Friday, April 24, 2009

Hire The Best, Weed Out The Rest: Recruiting Top Sales Producers

Hiring top sales people is the key to accelerating your company’s sales. Sounds like a no-brainer, right? Yet even if you agree with this, we all know from experience that finding and attracting high performance sales talent is anything but easy. Getting this right is a combination of both art and science, and requires a real commitment to excellence.

A recent survey showed that 53% of all sales recruiting efforts lead to mis-hires. That means if your company does an average job in sales recruiting, you have a 50/50 chance of making a mistake. And nowhere is it more costly than in sales. Given the learning curve and sales cycle for a new recruit, it can easily take 6-12 months before you realize the person you hired is incapable or unwilling to sell for your company. The costs can be staggering: tens of thousands in expense, hundreds of thousands (or millions) in lost sales and margin, and as much as 1-2 years of lost momentum and market share to your competition. With so much at stake for your company, are you willing to accept these outcomes?

Fear not. It is possible to avoid these costs, as long as you recognize the potential pitfalls and work proactively to eliminate them. Here’s a set of rules that will help you in your quest for making top hires:

1. Know Your Requirements. Start by developing a clear job description that fully identifies the key skills and experience you’re looking for, the selling environment, the ideal candidate profile (hunter vs. farmer), sales objectives and key performance metrics for the position. This sounds easy, but if you skip this step, chances are you’ll end up with nothing to match candidates against – and that’s the start of a recipe for disaster.
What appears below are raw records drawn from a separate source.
(* Let $\mathcal{M}$ be either $\mathcal{M}^{gen}$ or $\mathcal{M}^{inj}$, let $\Omega$ be a finite collection of finite metric spaces, and let $\mathfrak{C}=\mathfrak{C}^\Omega$ be the clustering functor on $\mathcal{M}$ represented by $\Omega$. Then $\mathfrak{C}=\mathfrak{R}_1\circ\mathfrak{T}^\Omega$; that is, for every finite metric space $(X,d_X)$, two points $x,x'\in X$ lie in the same block of $\mathfrak{C}^\Omega(X,d_X)$ if and only if there exist $x_0,\ldots,x_k\in X$ with $x_0=x$, $x_k=x'$ and $d_X^\Omega(x_i,x_{i+1})\leq 1$ for all $i$.
   Context: $\mathcal{M}^{gen}$ is the category whose objects are finite metric spaces and whose morphisms are distance non-increasing maps ($d_Y(f(x),f(x'))\leq d_X(x,x')$); $\mathcal{M}^{inj}$ has the same objects and as morphisms the injective distance non-increasing maps. For a collection $\Omega$ of finite metric spaces, $\mathfrak{C}^\Omega$ assigns to a finite metric space $X$ the partition in which $x,x'$ lie in the same block iff there exist $z_0,\ldots,z_k\in X$ with $z_0=x$, $z_k=x'$, spaces $\omega_1,\ldots,\omega_k\in\Omega$, points $\alpha_i,\beta_i\in\omega_i$ and morphisms $f_i\in\mathrm{Mor}_{\mathcal{M}}(\omega_i,X)$ with $f_i(\alpha_i)=z_{i-1}$, $f_i(\beta_i)=z_i$. For $\lambda>0$, $\lambda\cdot\omega$ denotes $(\omega,\lambda d_\omega)$. Define $W_X^\Omega:X\times X\to[0,+\infty]$ by $W_X^\Omega(x,x)=0$ and, for $x\neq x'$, $W_X^\Omega(x,x')=\inf\{\lambda>0:\exists\,\omega\in\Omega,\ \phi\in\mathrm{Mor}_{\mathcal{M}}(\lambda\cdot\omega,X)\text{ with }\{x,x'\}\subset\mathrm{im}(\phi)\}$ (infimum of the empty set is $+\infty$). Define $d_X^\Omega(x,x')=\min\{\max_i W_X^\Omega(x_i,x_{i+1}):x_0=x,\ldots,x_k=x'\text{ in }X\}$ (the maximal subdominant ultrametric of $W_X^\Omega$); $\mathfrak{T}^\Omega(X,d_X)=(X,d_X^\Omega)$. $\mathfrak{R}_1$ assigns to a (possibly extended) metric space the partition into equivalence classes of chains with consecutive distances $\leq 1$. *)

theory Defs
  imports "HOL-Library.Extended_Real"
begin

definition fin_metric :: "'a set \<Rightarrow> ('a \<Rightarrow> 'a \<Rightarrow> real) \<Rightarrow> bool" where
  "fin_metric S d \<longleftrightarrow> finite S \<and>
     (\<forall>x\<in>S. \<forall>y\<in>S. d x y \<ge> 0 \<and> (d x y = 0 \<longleftrightarrow> x = y) \<and> d x y = d y x) \<and>
     (\<forall>x\<in>S. \<forall>y\<in>S. \<forall>z\<in>S. d x z \<le> d x y + d y z)"

text \<open>Morphisms of M^gen (inj = False) or M^inj (inj = True): distance non-increasing maps,
  additionally injective in the case of M^inj.\<close>

definition is_mor :: "bool \<Rightarrow> 'b set \<Rightarrow> ('b \<Rightarrow> 'b \<Rightarrow> real) \<Rightarrow> 'a set \<Rightarrow> ('a \<Rightarrow> 'a \<Rightarrow> real)
                      \<Rightarrow> ('b \<Rightarrow> 'a) \<Rightarrow> bool" where
  "is_mor use_inj S dS X dX f \<longleftrightarrow> f ` S \<subseteq> X \<and>
     (\<forall>x\<in>S. \<forall>y\<in>S. dX (f x) (f y) \<le> dS x y) \<and> (use_inj \<longrightarrow> inj_on f S)"

definition chain_rel :: "'a set \<Rightarrow> ('a \<Rightarrow> 'a \<Rightarrow> bool) \<Rightarrow> 'a \<Rightarrow> 'a \<Rightarrow> bool" where
  "chain_rel X R x x' \<longleftrightarrow> (\<exists>zs. zs \<noteq> [] \<and> hd zs = x \<and> last zs = x' \<and> set zs \<subseteq> X \<and>
     (\<forall>i < length zs - 1. R (zs ! i) (zs ! Suc i)))"

definition clust_same_block :: "bool \<Rightarrow> ('b set \<times> ('b \<Rightarrow> 'b \<Rightarrow> real)) set \<Rightarrow> 'a set
     \<Rightarrow> ('a \<Rightarrow> 'a \<Rightarrow> real) \<Rightarrow> 'a \<Rightarrow> 'a \<Rightarrow> bool" where
  "clust_same_block use_inj \<Omega> X d x x' \<longleftrightarrow> x \<in> X \<and> x' \<in> X \<and>
     chain_rel X (\<lambda>z z'. \<exists>\<omega>\<in>\<Omega>. \<exists>\<alpha>\<in>fst \<omega>. \<exists>\<beta>\<in>fst \<omega>. \<exists>f.
        is_mor use_inj (fst \<omega>) (snd \<omega>) X d f \<and> f \<alpha> = z \<and> f \<beta> = z') x x'"

text \<open>W^Omega_X, valued in [0, +infinity] (Inf of the empty set is +infinity in ereal).\<close>

definition W_Omega :: "bool \<Rightarrow> ('b set \<times> ('b \<Rightarrow> 'b \<Rightarrow> real)) set \<Rightarrow> 'a set
     \<Rightarrow> ('a \<Rightarrow> 'a \<Rightarrow> real) \<Rightarrow> 'a \<Rightarrow> 'a \<Rightarrow> ereal" where
  "W_Omega use_inj \<Omega> X d x x' = (if x = x' then 0 else
     Inf {ereal lam | lam. lam > 0 \<and> (\<exists>\<omega>\<in>\<Omega>. \<exists>\<phi>.
        is_mor use_inj (fst \<omega>) (\<lambda>a b. lam * snd \<omega> a b) X d \<phi> \<and> x \<in> \<phi> ` fst \<omega> \<and> x' \<in> \<phi> ` fst \<omega>)})"

text \<open>d^Omega_X: maximal subdominant ultrametric of W (min over chains of max of W along the chain;
  a chain of length 0 gives 0).\<close>

definition d_Omega :: "bool \<Rightarrow> ('b set \<times> ('b \<Rightarrow> 'b \<Rightarrow> real)) set \<Rightarrow> 'a set
     \<Rightarrow> ('a \<Rightarrow> 'a \<Rightarrow> real) \<Rightarrow> 'a \<Rightarrow> 'a \<Rightarrow> ereal" where
  "d_Omega use_inj \<Omega> X d x x' = Inf {Max (insert 0 {W_Omega use_inj \<Omega> X d (zs ! i) (zs ! Suc i) | i. i < length zs - 1})
       | zs. zs \<noteq> [] \<and> hd zs = x \<and> last zs = x' \<and> set zs \<subseteq> X}"

end

theory Submission
  imports Defs
begin
lemma total_cyclic_order_iff_cut_order:
  assumes "p \<in> X" "a \<in> X" "b \<in> X" "c \<in> X"
  shows "(a, b, c) \<in> Z \<longleftrightarrow> cyclically_ordered (cut_order Z p) a b c"
proof
  assume abc: "(a, b, c) \<in> Z"
  then have "a \<noteq> b" "b \<noteq> c" "c \<noteq> a"
    using total_cyclic_order_distinct by auto
  with assms have "cyclically_ordered (cut_order Z p) a b c \<or> cyclically_ordered (cut_order Z p) c b a"
    by (intro cyclically_ordered_either_way cut_order_total) auto
  moreover have "\<not> cyclically_ordered (cut_order Z p) c b a"
    using abc total_cyclic_order_asym total_cyclic_order_rotate cut_order_chain_mem
    unfolding cyclically_ordered_def by metis
  ultimately show "cyclically_ordered (cut_order Z p) a b c"
    by blast
next
  assume "cyclically_ordered (cut_order Z p) a b c"
  then show "(a, b, c) \<in> Z"
    using total_cyclic_order_rotate cut_order_chain_mem unfolding cyclically_ordered_def by metis
qed

end

lemma strict_linear_order_rank:
  assumes "finite X"
    and irrefl: "\<And>a. \<not> lt a a"
    and trans: "\<And>a b c. lt a b \<Longrightarrow> lt b c \<Longrightarrow> lt a c"
    and total: "\<And>a b. a \<in> X \<Longrightarrow> b \<in> X \<Longrightarrow> a \<noteq> b \<Longrightarrow> lt a b \<or> lt b a"
  defines "rk a \<equiv> Suc (card {b \<in> X. lt b a})"
  shows "bij_betw rk X {1..card X}"
    and "a \<in> X \<Longrightarrow> b \<in> X \<Longrightarrow> rk a < rk b \<longleftrightarrow> lt a b"
proof -
  have mono: "rk a < rk b" if "a \<in> X" "lt a b" for a b
  proof -
    have "{x \<in> X. lt x a} \<subset> {x \<in> X. lt x b}"
      using that irrefl trans by blast
    then show ?thesis
      unfolding rk_def using \<open>finite X\<close> by (simp add: psubset_card_mono)
  qed
  show iff: "rk a < rk b \<longleftrightarrow> lt a b" if "a \<in> X" "b \<in> X" for a b
    using that mono total[of a b] by (metis less_asym less_irrefl)
  have "inj_on rk X"
    by (rule inj_onI) (metis iff less_irrefl total)
  moreover have "rk ` X \<subseteq> {1..card X}"
  proof
    fix r assume "r \<in> rk ` X"
    then obtain a where "a \<in> X" "r = rk a" by blast
    moreover have "card {b \<in> X. lt b a} \<le> card (X - {a})"
      using \<open>finite X\<close> irrefl by (intro card_mono) auto
    moreover have "card X > 0"
      using \<open>a \<in> X\<close> \<open>finite X\<close> card_gt_0_iff by blast
    ultimately show "r \<in> {1..card X}"
      using \<open>finite X\<close> by (simp add: rk_def card_Diff_singleton)
  qed
  ultimately show "bij_betw rk X {1..card X}"
    unfolding bij_betw_def by (simp add: card_image card_subset_eq)
qed

lemma bij_betw_interval_eq_rank:
  assumes f: "bij_betw f X {1..k}" and a: "a \<in> X"
  shows "f a = Suc (card {b \<in> X. f b < f a})"
proof -
  have fa: "f a \<in> {1..k}"
    using f a by (rule bij_betw_apply)
  have "f ` {b \<in> X. f b < f a} = {y \<in> f ` X. y < f a}"
    by blast
  also have "\<dots> = {1..<f a}"
    using f fa unfolding bij_betw_def by auto
  finally have "card {b \<in> X. f b < f a} = card {1..<f a}"
    using f unfolding bij_betw_def
    by (metis (no_types, lifting) card_image inj_on_subset mem_Collect_eq subsetI)
  then show ?thesis
    using fa by simp
qed

lemma cut_order_induced:
  assumes inj: "inj_on f X" and p: "p \<in> X" "\<forall>x\<in>X. f p \<le> f x"
    and "b \<in> X" "c \<in> X"
  shows "cut_order (induced_cyclic_order X f) p b c \<longleftrightarrow> f b < f c"
proof -
  have "f p < f x" if "x \<in> X" "x \<noteq> p" for x
    using p inj that by (metis inj_on_eq_iff order_le_neq_trans)
  with assms show ?thesis
    unfolding cut_order_def induced_cyclic_order_def cyclically_ordered_def
    by (auto simp: inj_on_eq_iff)
qed

lemma total_cyclic_order_induced_by_numbering:
  assumes Z: "total_cyclic_order X Z" and "finite X" "p \<in> X"
  obtains f where "bij_betw f X {1..card X}" "f p = 1" "Z = induced_cyclic_order X f"
proof
  define f where "f a = Suc (card {b \<in> X. cut_order Z p b a})" for a
  note rank = strict_linear_order_rank[of X "cut_order Z p", OF \<open>finite X\<close>
      cut_order_irrefl cut_order_trans[OF Z] cut_order_total[OF Z \<open>p \<in> X\<close>], folded f_def]
  show "bij_betw f X {1..card X}"
    by (rule rank(1))
  show "f p = 1"
    unfolding f_def using not_cut_order_before_point[OF Z] by simp
  have "(a, b, c) \<in> Z \<longleftrightarrow> (a, b, c) \<in> induced_cyclic_order X f" for a b c
  proof (cases "a \<in> X \<and> b \<in> X \<and> c \<in> X")
    case True
    then have "cyclically_ordered (cut_order Z p) a b c \<longleftrightarrow> cyclically_ordered (\<lambda>x y. f x < f y) a b c"
      using rank(2) unfolding cyclically_ordered_def by auto
    with True show ?thesis
      using total_cyclic_order_iff_cut_order[OF Z \<open>p \<in> X\<close>] by (simp add: induced_cyclic_order_def)
  next
    case False
    then show ?thesis
      using total_cyclic_order_memD[OF Z] by (auto simp: induced_cyclic_order_def)
  qed
  then show "Z = induced_cyclic_order X f"
    by (simp add: set_eq_iff)
qed

lemma induced_cyclic_order_numbering_unique:
  fixes f g :: "'a \<Rightarrow> nat"
  assumes f: "bij_betw f X {1..k}" and g: "bij_betw g X {1..k}"
    and p: "p \<in> X" "f p = 1" "g p = 1"
    and eq: "induced_cyclic_order X f = induced_cyclic_order X g"
    and a: "a \<in> X"
  shows "f a = g a"
proof -
  have "\<forall>x\<in>X. f p \<le> f x" "\<forall>x\<in>X. g p \<le> g x"
    using f g p by (auto dest: bij_betw_apply)
  then have "{b \<in> X. f b < f a} = {b \<in> X. g b < g a}"
    using f g p a eq cut_order_induced[of f X p] cut_order_induced[of g X p]
    by (auto simp: bij_betw_def)
  then show ?thesis
    using bij_betw_interval_eq_rank[OF f a] bij_betw_interval_eq_rank[OF g a] by simp
qed

section \<open>Avoiding the three cyclic patterns\<close>

definition cyclically_ascending :: "nat list \<Rightarrow> bool" where
  "cyclically_ascending s \<longleftrightarrow> (\<forall>i<length s.
     cyclically_ordered (<) (s ! i) (s ! ((i + 1) mod length s)) (s ! ((i + 2) mod length s)))"

lemma order_iso3_iff:
  "order_iso3 [x, y, z] [p, q, r] \<longleftrightarrow>
     (x < y \<longleftrightarrow> p < q) \<and> (y < x \<longleftrightarrow> q < p) \<and> (x < z \<longleftrightarrow> p < r) \<and>
     (z < x \<longleftrightarrow> r < p) \<and> (y < z \<longleftrightarrow> q < r) \<and> (z < y \<longleftrightarrow> r < q)"
  unfolding order_iso3_def by (auto simp: numeral_3_eq_3 less_Suc_eq)

lemma avoids_patterns_iff_cyclically_ordered:
  assumes "x \<noteq> y" "y \<noteq> z" "x \<noteq> z"
  shows "\<not> order_iso3 [x, y, z] [1, 3, 2] \<and> \<not> order_iso3 [x, y, z] [2, 1, 3] \<and>
      \<not> order_iso3 [x, y, z] [3, 2, 1] \<longleftrightarrow> cyclically_ordered (<) x y z"
  using assms unfolding order_iso3_iff cyclically_ordered_def by auto

lemma successor_indices_distinct:
  fixes L i :: nat
  assumes "3 \<le> L" "i < L"
  shows "i \<noteq> (i + 1) mod L" "(i + 1) mod L \<noteq> (i + 2) mod L" "i \<noteq> (i + 2) mod L"
  using assms by (auto simp: mod_if split: if_splits)

lemma avoids_patterns_iff_cyclically_ascending:
  assumes "distinct s" "length s \<ge> 3"
  shows "\<not> cyc_contains s [1, 3, 2] \<and> \<not> cyc_contains s [2, 1, 3] \<and> \<not> cyc_contains s [3, 2, 1]
     \<longleftrightarrow> cyclically_ascending s"
proof -
  let ?L = "length s"
  have "s ! i \<noteq> s ! ((i + 1) mod ?L) \<and> s ! ((i + 1) mod ?L) \<noteq> s ! ((i + 2) mod ?L) \<and>
      s ! i \<noteq> s ! ((i + 2) mod ?L)" if "i < ?L" for i
  proof -
    have "0 < ?L"
      using that by linarith
    with successor_indices_distinct[OF assms(2) that] show ?thesis
      using assms(1) that by (simp add: nth_eq_iff_index_eq)
  qed
  then show ?thesis
    unfolding cyc_contains_def cyclically_ascending_def
    using avoids_patterns_iff_cyclically_ordered by blast
qed

lemma cyc_eq_rotations: "s \<noteq> [] \<Longrightarrow> cyc s = range (\<lambda>k. rotate k s)"
  unfolding cyc_def by (auto, metis rotate_conv_mod mod_less_divisor length_greater_0_conv)

lemma cyc_rotate: "cyc (rotate k s) = cyc s"
proof (cases "s = []")
  case False
  let ?L = "length s"
  have "rotate j s = rotate (j + (?L - 1) * k) (rotate k s)" for j
  proof -
    have "j + (?L - 1) * k + k = j + k * ?L"
      using False by (cases ?L) (simp_all add: algebra_simps)
    then show ?thesis
      by (metis rotate_rotate rotate_conv_mod mod_mult_self1)
  qed
  then show ?thesis
    using False by (auto simp: cyc_eq_rotations rotate_rotate)
qed simp

lemma cyc_contains_rotate:
  assumes "cyc_contains (rotate k s) p"
  shows "cyc_contains s p"
proof -
  let ?L = "length s"
  from assms obtain i where i: "i < ?L" and
    iso: "order_iso3 [rotate k s ! i, rotate k s ! ((i + 1) mod ?L), rotate k s ! ((i + 2) mod ?L)] p"
    unfolding cyc_contains_def by auto
  have L: "0 < ?L"
    using i by linarith
  have nth_shift: "rotate k s ! ((i + c) mod ?L) = s ! (((k + i) mod ?L + c) mod ?L)" for c
  proof -
    have "rotate k s ! ((i + c) mod ?L) = s ! ((k + (i + c) mod ?L) mod ?L)"
      using L by (simp add: nth_rotate)
    also have "(k + (i + c) mod ?L) mod ?L = ((k + i) mod ?L + c) mod ?L"
      by (simp add: mod_add_right_eq mod_add_left_eq add.assoc)
    finally show ?thesis .
  qed
  have "(k + i) mod ?L < ?L"
    using L by simp
  moreover have "rotate k s ! i = s ! ((k + i) mod ?L)"
    using nth_shift[of 0] i by simp
  ultimately show ?thesis
    unfolding cyc_contains_def using iso nth_shift[of 1] nth_shift[of 2] by auto
qed

lemma perms_length:
  assumes "s \<in> perms m"
  shows "length s = m"
proof -
  from assms have "distinct s" "set s = {1..m}"
    by (simp_all add: perms_def)
  then show ?thesis
    using distinct_card[of s] by simp
qed

definition rooted_ascending_perms :: "nat \<Rightarrow> nat list set" where
  "rooted_ascending_perms m = {s \<in> perms m. s ! 0 = 1 \<and> cyclically_ascending s}"

lemma Av_eq:
  assumes "3 \<le> m"
  shows "Av m = {cyc s | s. s \<in> perms m \<and> cyclically_ascending s}"
proof -
  have "\<not> cyc_contains s [1, 3, 2] \<and> \<not> cyc_contains s [2, 1, 3] \<and> \<not> cyc_contains s [3, 2, 1]
      \<longleftrightarrow> cyclically_ascending s" if "s \<in> perms m" for s
    using that assms perms_length[OF that] avoids_patterns_iff_cyclically_ascending[of s]
    by (simp add: perms_def)
  then show ?thesis
    unfolding Av_def by blast
qed

lemma cyclically_ascending_rotate:
  assumes "distinct s" "3 \<le> length s" "cyclically_ascending s"
  shows "cyclically_ascending (rotate k s)"
proof -
  have "distinct (rotate k s)" "3 \<le> length (rotate k s)"
    using assms by simp_all
  with assms show ?thesis
    using avoids_patterns_iff_cyclically_ascending cyc_contains_rotate[of k s] by metis
qed

lemma inj_on_cyc_perms: "inj_on cyc {s \<in> perms m. s ! 0 = 1}"
proof (rule inj_onI)
  fix s t assume "s \<in> {s \<in> perms m. s ! 0 = 1}" "t \<in> {s \<in> perms m. s ! 0 = 1}"
  then have s: "s \<in> perms m" "s ! 0 = 1" and t: "t \<in> perms m" "t ! 0 = 1"
    by simp_all
  assume eq: "cyc s = cyc t"
  have len: "length s = m" "length t = m"
    using perms_length s(1) t(1) by blast+
  show "s = t"
  proof (cases "m = 0")
    case False
    have "t \<in> cyc s"
      using eq len False unfolding cyc_def by (auto intro: exI[of _ 0])
    then obtain k where k: "k < m" and tk: "t = rotate k s"
      using len unfolding cyc_def by auto
    have "s ! k = s ! 0"
      using s(2) t(2) tk k len by (simp add: nth_rotate)
    then have "k = 0"
      using s(1) k len False by (simp add: perms_def nth_eq_iff_index_eq)
    then show "s = t"
      using tk by simp
  qed (use len in simp)
qed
2. Understand The Skills & Traits of Top Performers. Many managers hire sales reps that epitomize the stereotype of a top sales rep. They mistakenly believe that if a person can sell himself or herself through the interviewing process, that person must be good at sales. Dead wrong. Look for these key traits and skills:

Traits - Skills
Motivation To Succeed - Prospecting
Ego-Drive - Probing
Empathy - Listening
Service Orientation - Persuasion
Conscientiousness - Negotiation
Ego Resilience - Technical
Detail Orientation - Organization

3. Know Where To Look. Let’s face it. In this economy, placing an ad in the local paper or on job boards is not going to attract top sales talent. Why? Because the best sales people are already working, and probably not looking! If you want to find the best, you need to develop a highly targeted strategy. Start by finding out the names of top reps who are working for your competitors, and make a direct approach. Continue by contacting everyone you know in your industry network (including your customers), to get referrals, since most great hires come through people you already know. If these efforts don’t yield results, target top reps in companies that are selling complementary products to your customer base. Need help? A good headhunter knows exactly how to find the best people.

4. Sell the Job. If you want to attract the best, make sure to spend time developing and promoting your own company’s story. What’s your vision for the company? What’s your Unique Selling Proposition (USP)? What’s your strategy to win in your market? What sort of growth and advancement opportunities do you offer to top performers? What makes your company a great place to work? Are you offering a job, or a real opportunity?

5. Develop a Rigorous Process, Then Stick To It. This is where companies often fall down: by going too fast and skipping critical steps. Hiring great sales people requires lots of time, commitment and energy. To do the job right, make sure your hiring process includes the following elements:

  • Build the right interview team, train the team on interviewing skills, assign different topics to team members, and make sure to debrief on each candidate.
  • Use behavioral interviewing techniques, rather than asking closed-ended questions.
  • Collect detailed sales achievement history from all candidates, by asking for a breakdown of their annual quota and actual results for the previous 3-5 years. Top producers have this information – under performers don’t.
  • Assign homework at each stage of the process, and watch closely to see how well candidates follow-up -- and follow instructions.
  • Validate your candidates sales skills, using an online sales profiling tool (we like the Express Screens at http://www.objectivemanagement.com)
  • Discard personal references, and insist on speaking to each candidate’s past 3-4 immediate sales supervisors. If they’re not listed, insist on talking to them anyway.
Hiring the right sales people is not easy, but no task is more important if you’re committed to achieving your company’s growth objectives.